[Entries taken from a collection]
● ● ● ●

lemma regrouping_reduces_mixed:
  assumes "finite V" and cover: "clique_cover V E \<A>" and tp: "triangle_partition V E P"
    and "F \<subseteq> P" "T \<in> F" "mixed \<A> T"
    and "\<forall>A\<in>\<A>. 3 dvd card (\<Union>F \<inter> A)"
  shows "\<exists>P'. triangle_partition V E P' \<and> mixed_count \<A> P' < mixed_count \<A> P"
proof -
  have "\<Union>F \<subseteq> V"
    using tp \<open>F \<subseteq> P\<close> by (auto simp: triangle_partition_def)
  then obtain Q where Q: "\<forall>T\<in>Q. is_triangle V E T \<and> \<not> mixed \<A> T" "pairwise disjnt Q" "\<Union>Q = \<Union>F"
    using pure_triangle_partition[OF cover \<open>finite V\<close> _ assms(7)] by blast
  define P' where "P' = (P - F) \<union> Q"
  have "triangle_partition V E P'"
    unfolding P'_def using Q by (intro triangle_partition_replace[OF tp \<open>F \<subseteq> P\<close>]) auto
  moreover have "{X\<in>P'. mixed \<A> X} \<subset> {X\<in>P. mixed \<A> X}"
    using Q(1) assms(4-6) by (auto simp: P'_def)
  then have "mixed_count \<A> P' < mixed_count \<A> P"
    unfolding mixed_count_def
    using finite_triangle_partition[OF \<open>finite V\<close> tp] by (intro psubset_card_mono) auto
  ultimately show ?thesis
    by blast
qed

lemma card_Un3_disjoint:
  assumes "finite X" "finite Y" "finite Z" "disjnt X Y" "disjnt X Z" "disjnt Y Z"
  shows "card (X \<union> Y \<union> Z) = card X + card Y + card Z"
  using assms by (simp add: card_Un_disjoint disjnt_def Int_Un_distrib2)

lemma alike_triple_divisible:
  assumes "finite T1" "finite T2" "finite T3"
    and "disjnt T1 T2" "disjnt T1 T3" "disjnt T2 T3"
    and "card (T1 \<inter> A) = card (T2 \<inter> A)" "card (T1 \<inter> A) = card (T3 \<inter> A)"
  shows "3 dvd card ((T1 \<union> T2 \<union> T3) \<inter> A)"
proof -
  have "card ((T1 \<union> T2 \<union> T3) \<inter> A) = card ((T1 \<inter> A) \<union> (T2 \<inter> A) \<union> (T3 \<inter> A))"
    by (simp add: Int_Un_distrib2)
  also have "\<dots> = card (T1 \<inter> A) + card (T2 \<inter> A) + card (T3 \<inter> A)"
    using assms(1-6) by (intro card_Un3_disjoint) (auto simp: disjnt_def)
  finally show ?thesis
    using assms(7,8) by presburger
qed

lemma exists_partition_no_three_alike:
  assumes "finite V" and cover: "clique_cover V E \<A>" and "\<exists>P. triangle_partition V E P"
  shows "\<exists>P. triangle_partition V E P \<and> no_three_alike \<A> P"
proof -
  obtain P where tp: "triangle_partition V E P"
    and minimal: "\<And>P'. triangle_partition V E P' \<Longrightarrow> mixed_count \<A> P \<le> mixed_count \<A> P'"
    using ex_has_least_nat[of "triangle_partition V E" _ "mixed_count \<A>"] assms(3) by metis
  have "T1 = T2 \<or> T1 = T3 \<or> T2 = T3"
    if T: "T1 \<in> P" "T2 \<in> P" "T3 \<in> P" "mixed \<A> T1"
      "same_profile \<A> T1 T2" "same_profile \<A> T1 T3" for T1 T2 T3
  proof (rule ccontr)
    assume distinct: "\<not> (T1 = T2 \<or> T1 = T3 \<or> T2 = T3)"
    have fin: "finite T" if "T \<in> P" for T
      using tp that \<open>finite V\<close> finite_subset
      by (auto simp: triangle_partition_def is_triangle_def)
    have disj: "disjnt S T" if "S \<in> P" "T \<in> P" "S \<noteq> T" for S T
      using tp that by (auto simp: triangle_partition_iff pairwise_def)
    have "3 dvd card (\<Union>{T1, T2, T3} \<inter> A)" if "A \<in> \<A>" for A
      using alike_triple_divisible[of T1 T2 T3 A] fin disj T distinct that
      by (auto simp: same_profile_def Un_assoc)
    then obtain P' where "triangle_partition V E P'" "mixed_count \<A> P' < mixed_count \<A> P"
      using regrouping_reduces_mixed[OF \<open>finite V\<close> cover tp, of "{T1, T2, T3}" T1] T by auto
    then show False
      using minimal by (meson not_le)
  qed
  then show ?thesis
    using tp unfolding no_three_alike_def by blast
qed

lemma card_le_2_if_no_three:
  assumes "\<And>x y z. x \<in> K \<Longrightarrow> y \<in> K \<Longrightarrow> z \<in> K \<Longrightarrow> x \<noteq> y \<Longrightarrow> x \<noteq> z \<Longrightarrow> y \<noteq> z \<Longrightarrow> False"
  shows "card K \<le> 2"
proof (rule ccontr)
  assume "\<not> card K \<le> 2"
  then obtain S where "S \<subseteq> K" "card S = 3"
    using obtain_subset_with_card_n[of 3 K] by auto
  then obtain x y z where "{x, y, z} \<subseteq> K" "x \<noteq> y" "y \<noteq> z" "x \<noteq> z"
    by (metis card_3_iff)
  then show False
    using assms[of x y z] by blast
qed

lemma profile_of_triangle_leaving_class:
  assumes "finite T" "card T = 3" "T \<subseteq> A \<union> B \<union> C"
    and "disjnt A B" "disjnt A C" "disjnt B C"
    and "T \<inter> A \<noteq> {}" "\<not> T \<subseteq> A"
  shows "(card (T \<inter> A), card (T \<inter> B), card (T \<inter> C))
    \<in> {(1,2,0), (1,0,2), (1,1,1), (2,1,0), (2,0,1)}"
proof -
  have "(T \<inter> A) \<union> (T \<inter> B) \<union> (T \<inter> C) = T"
    using assms(3) by blast
  moreover have "card ((T \<inter> A) \<union> (T \<inter> B) \<union> (T \<inter> C))
      = card (T \<inter> A) + card (T \<inter> B) + card (T \<inter> C)"
    using assms(1,4-6) by (intro card_Un3_disjoint) (auto simp: disjnt_def)
  ultimately have sum: "card (T \<inter> A) + card (T \<inter> B) + card (T \<inter> C) = 3"
    using assms(2) by simp
  have "card (T \<inter> A) \<ge> 1"
    using assms(1,7) by (simp add: Suc_le_eq card_gt_0_iff)
  moreover have "card (T \<inter> A) \<noteq> 3"
    using card_subset_eq[OF assms(1), of "T \<inter> A"] assms(2,8) by auto
  ultimately show ?thesis
    using sum by auto
qed
lemma dvd_if_multiplicity_part_dvd:
  fixes n m p k r :: nat
  assumes p: "Factorial_Ring.prime p" and n: "n = p ^ k * r" and n0: "n \<noteq> 0"
    and rm: "r dvd m" and pm: "p ^ multiplicity p n dvd m"
  shows "n dvd m"
proof -
  have "\<not> is_unit p" using p by (simp add: prime_nat_iff)
  then obtain u where u: "n = p ^ multiplicity p n * u" "\<not> p dvd u"
    using multiplicity_decompose'[OF n0] by blast
  have cop: "coprime u p" using prime_imp_coprime[OF p u(2)] by (simp add: ac_simps)
  have "u dvd p ^ k * r" using u(1) n by (metis dvd_triv_right)
  then have "u dvd r" using cop by (simp add: coprime_dvd_mult_right_iff)
  then have "u dvd m" using rm by (rule dvd_trans)
  moreover have "coprime (p ^ multiplicity p n) u" using cop by (simp add: ac_simps)
  ultimately show ?thesis using divides_mult[OF pm] u(1) by metis
qed

lemma not_dvd_mult_if_zero_or_prime:
  fixes a b :: int
  assumes r: "r = 0 \<or> Factorial_Ring.prime r" and a: "\<not> int r dvd a" and b: "\<not> int r dvd b"
  shows "\<not> int r dvd a * b"
proof (cases "r = 0")
  case True
  then show ?thesis using a b by simp
next
  case False
  then have "Factorial_Ring.prime (int r)" using r by simp
  then show ?thesis using a b by (simp add: prime_dvd_mult_iff)
qed

section \<open>Conjugates, cosets and products of subgroups\<close>

context group
begin

lemma inv_mult_cancel_left [simp]: "x \<in> carrier G \<Longrightarrow> y \<in> carrier G \<Longrightarrow> inv x \<otimes> (x \<otimes> y) = y"
  by (simp add: m_assoc[symmetric])

lemma mult_inv_cancel_left [simp]: "x \<in> carrier G \<Longrightarrow> y \<in> carrier G \<Longrightarrow> x \<otimes> (inv x \<otimes> y) = y"
  by (simp add: m_assoc[symmetric])

lemma conj_eq_image: "(g <# S) #> h = (\<lambda>s. g \<otimes> s \<otimes> h) ` S"
  by (auto simp: l_coset_def r_coset_def)

lemma conj_memI: "s \<in> S \<Longrightarrow> g \<otimes> s \<otimes> h \<in> (g <# S) #> h"
  by (auto simp: conj_eq_image)

lemma conj_memE:
  assumes "x \<in> (g <# S) #> h"
  obtains s where "s \<in> S" "x = g \<otimes> s \<otimes> h"
  using assms by (auto simp: conj_eq_image)

lemma conj_mono: "S \<subseteq> T \<Longrightarrow> (g <# S) #> h \<subseteq> (g <# T) #> h"
  by (auto simp: conj_eq_image)

lemma card_conj:
  assumes "S \<subseteq> carrier G" "g \<in> carrier G"
  shows "card ((g <# S) #> inv g) = card S"
proof -
  have "inj_on (\<lambda>s. g \<otimes> s \<otimes> inv g) S"
    using assms by (auto simp: inj_on_def subset_iff)
  then show ?thesis by (simp add: conj_eq_image card_image)
qed

lemma conj_conj:
  assumes "S \<subseteq> carrier G" "g \<in> carrier G" "h \<in> carrier G"
  shows "(g <# ((h <# S) #> inv h)) #> inv g = ((g \<otimes> h) <# S) #> inv (g \<otimes> h)"
  using assms by (simp add: conj_eq_image image_image m_assoc inv_mult_group subset_iff
      cong: image_cong)

lemma conj_one: "S \<subseteq> carrier G \<Longrightarrow> (\<one> <# S) #> inv \<one> = S"
  by (simp add: conj_eq_image subset_iff cong: image_cong)

lemma conj_inv_conj:
  assumes "S \<subseteq> carrier G" "g \<in> carrier G"
  shows "(inv g <# ((g <# S) #> inv g)) #> inv (inv g) = S"
  using assms conj_conj[of S "inv g" g] conj_one by simp

lemma subconj_subset: "I \<subseteq> L \<Longrightarrow> I \<subseteq> carrier G \<Longrightarrow> subconj G I L"
  unfolding subconj_def using conj_one one_closed by metis

lemma subconj_trans:
  assumes "subconj G I J" "subconj G J L" "I \<subseteq> carrier G"
  shows "subconj G I L"
proof -
  obtain g where g: "g \<in> carrier G" "(g <# I) #> inv g \<subseteq> J"
    using assms(1) by (auto simp: subconj_def)
  obtain h where h: "h \<in> carrier G" "(h <# J) #> inv h \<subseteq> L"
    using assms(2) by (auto simp: subconj_def)
  have "((h \<otimes> g) <# I) #> inv (h \<otimes> g) = (h <# ((g <# I) #> inv g)) #> inv h"
    using conj_conj assms(3) g h by simp
  also have "\<dots> \<subseteq> L" using conj_mono[OF g(2)] h(2) by blast
  finally show ?thesis unfolding subconj_def using g h by blast
qed
lemma conj_defect_low_degree:
  assumes g: "fixes_origin n g" "lin_part n g = T" and p: "fixes_origin n \<phi>" "tangent_to_id n \<phi>"
    and j: "j < n" and Q: "Q \<in> multi_idx n" and d: "mdeg n Q \<le> 1"
  shows "conj_defect n g \<phi> T j Q = 0"
proof -
  have "lin_part n (fcomp n g \<phi>) = lin_part n (fcomp n \<phi> (linmap n T))"
    using lin_part_fcomp[OF p(1)] lin_part_fcomp[OF fixes_origin_linmap] g(2)
      lin_part_tangent_to_id[OF p(2)] lin_part_carrier[of n g]
    by (simp add: lin_part_linmap)
  then show ?thesis
    using low_degree_coeff_eq[OF fixes_origin_fcomp[OF g(1)] fixes_origin_fcomp[OF p(1)] _ j Q d]
    by (simp add: conj_defect_def)
qed

lemma fcomp_conj_defect_expand:
  assumes ga: "fixes_origin n ga" and gb: "fixes_origin n gb" and p: "fixes_origin n \<phi>"
    and gaT: "lin_part n ga = Ta" and Ta: "Ta \<in> carrier_mat n n" and Tb: "Tb \<in> carrier_mat n n"
    and d: "2 \<le> mdeg n Q" and Q: "Q \<in> multi_idx n" and j: "j < n"
    and rb: "\<forall>m<n. ord_ge n (mdeg n Q) (conj_defect n gb \<phi> Tb m)"
  shows "fcomp n (fcomp n ga gb) \<phi> j Q = fcomp n \<phi> (linmap n (Ta * Tb)) j Q
        + fcomp n (conj_defect n ga \<phi> Ta) (linmap n Tb) j Q
        + (\<Sum>m<n. Ta $$ (j,m) * conj_defect n gb \<phi> Tb m Q)"
proof -
  define u where "u = fcomp n \<phi> (linmap n Tb)"
  define rb' where "rb' = conj_defect n gb \<phi> Tb"
  define ra where "ra = conj_defect n ga \<phi> Ta"
  have e1: "fcomp n gb \<phi> = (\<lambda>m R. u m R + rb' m R)" by (simp add: rb'_def u_def conj_defect_def)
  have e2: "fcomp n ga \<phi> = (\<lambda>m R. fcomp n \<phi> (linmap n Ta) m R + ra m R)"
    by (simp add: ra_def conj_defect_def)
  have uo: "fixes_origin n u" unfolding u_def by (rule fixes_origin_fcomp[OF p])
  have lo: "\<And>T. fixes_origin n (linmap n T)" by (rule fixes_origin_linmap)
  have "fcomp n (fcomp n ga gb) \<phi> j Q = fcomp n ga (fcomp n gb \<phi>) j Q"
    using fcomp_assoc[OF gb p] j Q by (simp add: fmap_eq_def)
  also have "\<dots> = ps_subst n (\<lambda>m R. u m R + rb' m R) (ga j) Q" by (simp add: fcomp_ps_subst e1)
  also have "\<dots> = ps_subst n u (ga j) Q + (\<Sum>m<n. ga j (unit_idx m) * rb' m Q)"
  proof -
    have "ps_subst n (\<lambda>m R. u m R + rb' m R) (ga j) Q - ps_subst n u (ga j) Q =
        (\<Sum>m<n. ga j (unit_idx m) * rb' m Q)"
      by (rule ps_subst_perturb) (use uo rb d Q in \<open>auto simp: fixes_origin_iff rb'_def\<close>)
    then show ?thesis by (simp add: diff_eq_eq add_ac)
  qed
  also have "ps_subst n u (ga j) Q = fcomp n (fcomp n ga \<phi>) (linmap n Tb) j Q"
    using fcomp_assoc[OF p lo, of ga] j Q by (simp add: fmap_eq_def fcomp_ps_subst u_def)
  also have "\<dots> = fcomp n (fcomp n \<phi> (linmap n Ta)) (linmap n Tb) j Q + fcomp n ra (linmap n Tb) j Q"
    by (simp add: e2 fcomp_ps_subst ps_subst_add)
  also have "fcomp n (fcomp n \<phi> (linmap n Ta)) (linmap n Tb) j Q = fcomp n \<phi> (linmap n (Ta * Tb)) j Q"
    using fcomp_assoc[OF lo lo, of \<phi> Ta Tb] fcomp_cong2[OF linmap_comp[OF Ta Tb], of \<phi>] j Q
    by (simp add: fmap_eq_def)
  also have "(\<Sum>m<n. ga j (unit_idx m) * rb' m Q) = (\<Sum>m<n. Ta $$ (j,m) * rb' m Q)"
    by (rule sum.cong) (auto simp: lin_entry[OF gaT j])
  finally show ?thesis by (simp add: ra_def rb'_def u_def)
qed
lemma br_cover_summands:
  assumes \<alpha>: "\<alpha> \<in> R'" and \<beta>: "\<beta> \<in> R'" and x: "x \<in> cover_summand \<alpha>" and y: "y \<in> cover_summand \<beta>"
  shows "br x y \<in> Lc"
proof -
  have xE: "x \<in> E \<alpha>" and yE: "y \<in> E \<beta>" using x y cover_summand_subset_rootsp by blast+
  have hd: "\<alpha> \<in> hdual sc H" "\<beta> \<in> hdual sc H" using \<alpha> \<beta> R'_hdual by blast+
  have sum_hdual: "(\<lambda>h. \<alpha> h + \<beta> h) \<in> hdual sc H"
    using hdual_linear_combination[OF hd, of 1 1] by simp
  have brE: "br x y \<in> E (\<lambda>h. \<alpha> h + \<beta> h)" by (rule br_rootsp[OF H_subset xE yE])
  consider "(\<lambda>h. \<alpha> h + \<beta> h) = (\<lambda>_. 0)"
    | "(\<lambda>h. \<alpha> h + \<beta> h) \<noteq> (\<lambda>_. 0)" "(\<lambda>h. \<alpha> h + \<beta> h) \<in> R"
    | "(\<lambda>h. \<alpha> h + \<beta> h) \<notin> R"
    by blast
  then show ?thesis
  proof cases
    case 1
    then have "\<beta> = (\<lambda>h. - \<alpha> h)" by (auto simp: fun_eq_iff add_eq_0_iff2)
    then have "br x y = sc (B x y) (tvec B H \<alpha>)" using br_opposite_root_vectors[OF hd(1) xE] yE by simp
    moreover have "tvec B H \<alpha> \<in> Lc" using tvec_in_H'[OF \<alpha>] H'_subset_lie_cover by blast
    ultimately show ?thesis using subspace_scale[OF subspace_lie_cover] by simp
  next
    case 2
    then have "cover_summand (\<lambda>h. \<alpha> h + \<beta> h) = E (\<lambda>h. \<alpha> h + \<beta> h)"
      by (simp add: cover_summand_def)
    then show ?thesis
      using brE cover_summand_subset_lie_cover R'_add_closed[OF \<alpha> \<beta> 2(2)] by blast
  next
    case 3
    then have "br x y = 0" using rootsp_not_root[OF sum_hdual] brE by blast
    then show ?thesis using subspace_0[OF subspace_lie_cover] by simp
  qed
qed

lemma lie_cover_br_closed:
  assumes "x \<in> Lc" "y \<in> Lc"
  shows "br x y \<in> Lc"
proof (rule br_span_closed[of "\<Union>\<gamma>\<in>R'. cover_summand \<gamma>"])
  show "(\<Union>\<gamma>\<in>R'. cover_summand \<gamma>) \<subseteq> L" using cover_summand_subset_L by blast
  show "subspace Lc" by (rule subspace_lie_cover)
  show "x \<in> span (\<Union>\<gamma>\<in>R'. cover_summand \<gamma>)" "y \<in> span (\<Union>\<gamma>\<in>R'. cover_summand \<gamma>)"
    using assms lie_cover_eq_span by simp_all
  fix a b assume "a \<in> (\<Union>\<gamma>\<in>R'. cover_summand \<gamma>)" "b \<in> (\<Union>\<gamma>\<in>R'. cover_summand \<gamma>)"
  then show "br a b \<in> Lc" using br_cover_summands by blast
qed

lemma lie_algebra_lie_cover: "lie_algebra sc Lc br"
  using lie subspace_lie_cover lie_cover_subset lie_cover_br_closed
  unfolding lie_algebra_def by (auto simp: subset_iff)

lemma B_lie_cover_component:
  assumes F: "finite F" "F \<subseteq> R'" "\<forall>\<delta>\<in>F. v \<delta> \<in> cover_summand \<delta>"
    and \<gamma>: "\<gamma> \<in> F" and y: "y \<in> E (\<lambda>h. - \<gamma> h)"
  shows "B (sum v F) y = B (v \<gamma>) y"
proof -
  have vL: "v \<delta> \<in> L" if "\<delta> \<in> F" for \<delta> using F(3) that cover_summand_subset_L by blast
  have yL: "y \<in> L" using y rootsp_subset by blast
  have "B (v \<delta>) y = 0" if \<delta>: "\<delta> \<in> F - {\<gamma>}" for \<delta>
  proof (rule B_root_vectors_orthogonal)
    show "\<delta> \<in> hdual sc H" "(\<lambda>h. - \<gamma> h) \<in> hdual sc H"
      using \<delta> \<gamma> F(2) uminus_in_R' R'_hdual by blast+
    show "(\<lambda>h. \<delta> h + - \<gamma> h) \<noteq> (\<lambda>_. 0)" using \<delta> by (auto simp: fun_eq_iff)
    show "v \<delta> \<in> E \<delta>" using \<delta> F(3) cover_summand_subset_rootsp by blast
  qed (rule y)
  then have "(\<Sum>\<delta>\<in>F - {\<gamma>}. B (v \<delta>) y) = 0" by (rule sum.neutral[OF ballI])
  moreover have "B (sum v F) y = (\<Sum>\<delta>\<in>F. B (v \<delta>) y)" by (rule B_sum_left[OF yL vL])
  ultimately show ?thesis using F(1) \<gamma> by (simp add: sum.remove)
qed

lemma nondegenerate_lie_cover: "nondegenerate_on B Lc"
  unfolding nondegenerate_on_def
proof (intro ballI impI)
  fix x assume x: "x \<in> Lc" and orth: "\<forall>y\<in>Lc. B x y = 0"
  obtain F v where F: "finite F" "F \<subseteq> R'" "\<forall>\<gamma>\<in>F. v \<gamma> \<in> cover_summand \<gamma>" "x = sum v F"
    using lie_cover_sum_summands[OF x] by blast
  have "v \<gamma> = 0" if \<gamma>: "\<gamma> \<in> F" for \<gamma>
  proof -
    have \<gamma>R': "\<gamma> \<in> R'" using \<gamma> F(2) by blast
    have orth_opposite: "B (v \<gamma>) y = 0" if y: "y \<in> cover_summand (\<lambda>h. - \<gamma> h)" for y
    proof -
      have "y \<in> E (\<lambda>h. - \<gamma> h)" using y cover_summand_subset_rootsp by blast
      then have "B (v \<gamma>) y = B x y" using B_lie_cover_component[OF F(1-3) \<gamma>] F(4) by simp
      also have "\<dots> = 0"
        using orth y cover_summand_subset_lie_cover[OF uminus_in_R'[OF \<gamma>R']] by blast
      finally show ?thesis .
    qed
    show ?thesis
    proof (cases "\<gamma> = (\<lambda>_. 0)")
      case True
      have "v \<gamma> \<in> cover_summand \<gamma>" using F(3) \<gamma> by blast
      then have "v \<gamma> \<in> H'" using True by (simp add: cover_summand_def)
      moreover have "cover_summand (\<lambda>h. - \<gamma> h) = H'" using True by (simp add: cover_summand_def)
      ultimately show ?thesis
        using orth_opposite nondegenerate_H' unfolding nondegenerate_on_def by blast
    next
      case False
      then have "cover_summand (\<lambda>h. - \<gamma> h) = E (\<lambda>h. - \<gamma> h)"
        by (auto simp: cover_summand_def fun_eq_iff)
      moreover have "v \<gamma> \<in> E \<gamma>" using F(3) \<gamma> cover_summand_subset_rootsp by blast
      ultimately show ?thesis
        using root_vector_eq_0_if_orthogonal[of \<gamma> "v \<gamma>"] orth_opposite \<gamma>R' R'_hdual by blast
    qed
  qed
  then show "x = 0" using F(4) by simp
qed

lemma ea1_form_lie_cover: "ea1_form sc Lc br B"
  using form lie_cover_subset nondegenerate_lie_cover
  unfolding ea1_form_def nondegenerate_on_def by (auto simp: subset_iff)

lemma H'_finite_basis: "\<exists>F. finite F \<and> F \<subseteq> H' \<and> span F = H'"
proof -
  obtain F where "finite F" "H \<subseteq> span F" using H_finite_dim by blast
  then obtain Bs where "finite Bs" "span Bs = H'"
    using subspace_finite_basis[OF subspace_H'] H'_subset by blast
  then show ?thesis using span_superset by blast
qed

lemma lie_cover_eq_span_rootsp: "Lc = span (\<Union>\<beta>\<in>hdual sc H'. rootsp sc Lc br H' \<beta>)"
proof
  have "(\<Union>\<gamma>\<in>R'. cover_summand \<gamma>) \<subseteq> (\<Union>\<beta>\<in>hdual sc H'. rootsp sc Lc br H' \<beta>)"
    using rootsp_lie_cover_restr restr_R'_hdual by blast
  then show "Lc \<subseteq> span (\<Union>\<beta>\<in>hdual sc H'. rootsp sc Lc br H' \<beta>)"
    unfolding lie_cover_eq_span by (rule span_mono)
  show "span (\<Union>\<beta>\<in>hdual sc H'. rootsp sc Lc br H' \<beta>) \<subseteq> Lc"
    by (rule span_minimal[OF _ subspace_lie_cover]) (auto simp: rootsp_def)
qed

lemma lie_cover_root_vectors_sum_eq_0:
  assumes "finite F" "F \<subseteq> hdual sc H'" "\<forall>\<alpha>\<in>F. x \<alpha> \<in> rootsp sc Lc br H' \<alpha>" "sum x F = 0"
  shows "\<forall>\<alpha>\<in>F. x \<alpha> = 0"
proof (rule weight_vectors_sum_eq_0[OF H'_subset_L assms(1) _ _ assms(4)])
  show "\<forall>\<alpha>\<in>F. x \<alpha> \<in> rootsp sc L br H' \<alpha>" using assms(3) rootsp_lie_cover by blast
  show "\<forall>\<alpha>\<in>F. \<forall>\<beta>\<in>F. \<alpha> \<noteq> \<beta> \<longrightarrow> (\<exists>h\<in>H'. \<alpha> h \<noteq> \<beta> h)"
    using assms(2) hdual_eqI by blast
qed

lemma rootsp_lie_cover_zero: "rootsp sc Lc br H' (\<lambda>_. 0) = H'"
  using rootsp_lie_cover_restr[OF zero_in_R'] by (simp add: restr_def cover_summand_def)

lemma lie_cover_locally_nilpotent:
  assumes \<alpha>': "\<alpha>' \<in> nonisot (ipf B H') (restr H' ` R')" and x: "x \<in> rootsp sc Lc br H' \<alpha>'"
    and y: "y \<in> Lc"
  shows "\<exists>n. (br x ^^ n) y = 0"
proof -
  obtain \<alpha> where \<alpha>: "\<alpha> \<in> R'" "\<alpha>' = restr H' \<alpha>" using \<alpha>' by (auto simp: nonisot_def)
  have "ip \<alpha> \<alpha> \<noteq> 0" using \<alpha>' \<alpha> ipf_restr by (auto simp: nonisot_def)
  then have \<alpha>_nonisot: "\<alpha> \<in> nonisot ip R" and "\<alpha> \<noteq> (\<lambda>_. 0)"
    using \<alpha>(1) R'_subset ip_zero by (auto simp: nonisot_def)
  then have "x \<in> E \<alpha>" using x rootsp_lie_cover_restr[OF \<alpha>(1)] \<alpha>(2) by (simp add: cover_summand_def)
  then show ?thesis using ad_root_vector_locally_nilpotent[OF \<alpha>_nonisot] y lie_cover_subset by blast
qed

text \<open>The point \<open>p\<close> is the orthogonal projection of \<open>f\<close> to \<open>H'\<close>; roots of \<open>R'\<close> cannot tell
  the two apart because their vectors \<open>t\<^sub>\<alpha>\<close> lie in \<open>H'\<close>.\<close>

lemma cover_projection:
  assumes f: "f \<in> H"
  shows "\<exists>p\<in>H'. \<forall>\<alpha>\<in>R'. \<alpha> p = \<alpha> f"
proof -
  obtain F where F: "finite F" "H' \<subseteq> span F" using H'_finite_basis by blast
  have \<phi>: "restr H' (\<lambda>h. B h f) \<in> hdual sc H'"
    using f H_subset H'_subset_L subspace_add[OF subspace_H'] subspace_scale[OF subspace_H']
    by (auto simp: hdual_def restr_def B_add_left B_scale_left subset_iff)
  define p where "p = tvec B H' (restr H' (\<lambda>h. B h f))"
  note p_represents = tvec_represents[OF subspace_H' H'_subset_L F(2,1) nondegenerate_H' \<phi>]
  have p: "p \<in> H'" "\<forall>h\<in>H'. B h f = B h p"
    using p_represents unfolding p_def by auto
  have "\<alpha> p = \<alpha> f" if \<alpha>: "\<alpha> \<in> R'" for \<alpha>
  proof -
    have t: "tvec B H \<alpha> \<in> H'" "\<forall>h\<in>H. \<alpha> h = B h (tvec B H \<alpha>)"
      using tvec_in_H'[OF \<alpha>] tvec_H(2) \<alpha> R'_hdual by blast+
    have L: "f \<in> L" "p \<in> L" "tvec B H \<alpha> \<in> L" using f p(1) t(1) H_subset H'_subset_L by auto
    have "\<alpha> f = B (tvec B H \<alpha>) f" using t(2) f B_sym[OF L(1,3)] by simp
    also have "\<dots> = B (tvec B H \<alpha>) p" using p t(1) by simp
    also have "\<dots> = \<alpha> p" using t(2) p(1) H'_subset B_sym[OF L(2,3)] by auto
    finally show ?thesis by simp
  qed
  then show ?thesis using p(1) by blast
qed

● ● ● ●

_Exercise details:_
The line above containing "using multiplicity_decompose'[OF n0]", the line containing "by (rule dvd_trans)", and every line between them are to be transcribed exactly; no other line is wanted.

_Task response:_
    using multiplicity_decompose'[OF n0] by blast
  have cop: "coprime u p" using prime_imp_coprime[OF p u(2)] by (simp add: ac_simps)
  have "u dvd p ^ k * r" using u(1) n by (metis dvd_triv_right)
  then have "u dvd r" using cop by (simp add: coprime_dvd_mult_right_iff)
  then have "u dvd m" using rm by (rule dvd_trans)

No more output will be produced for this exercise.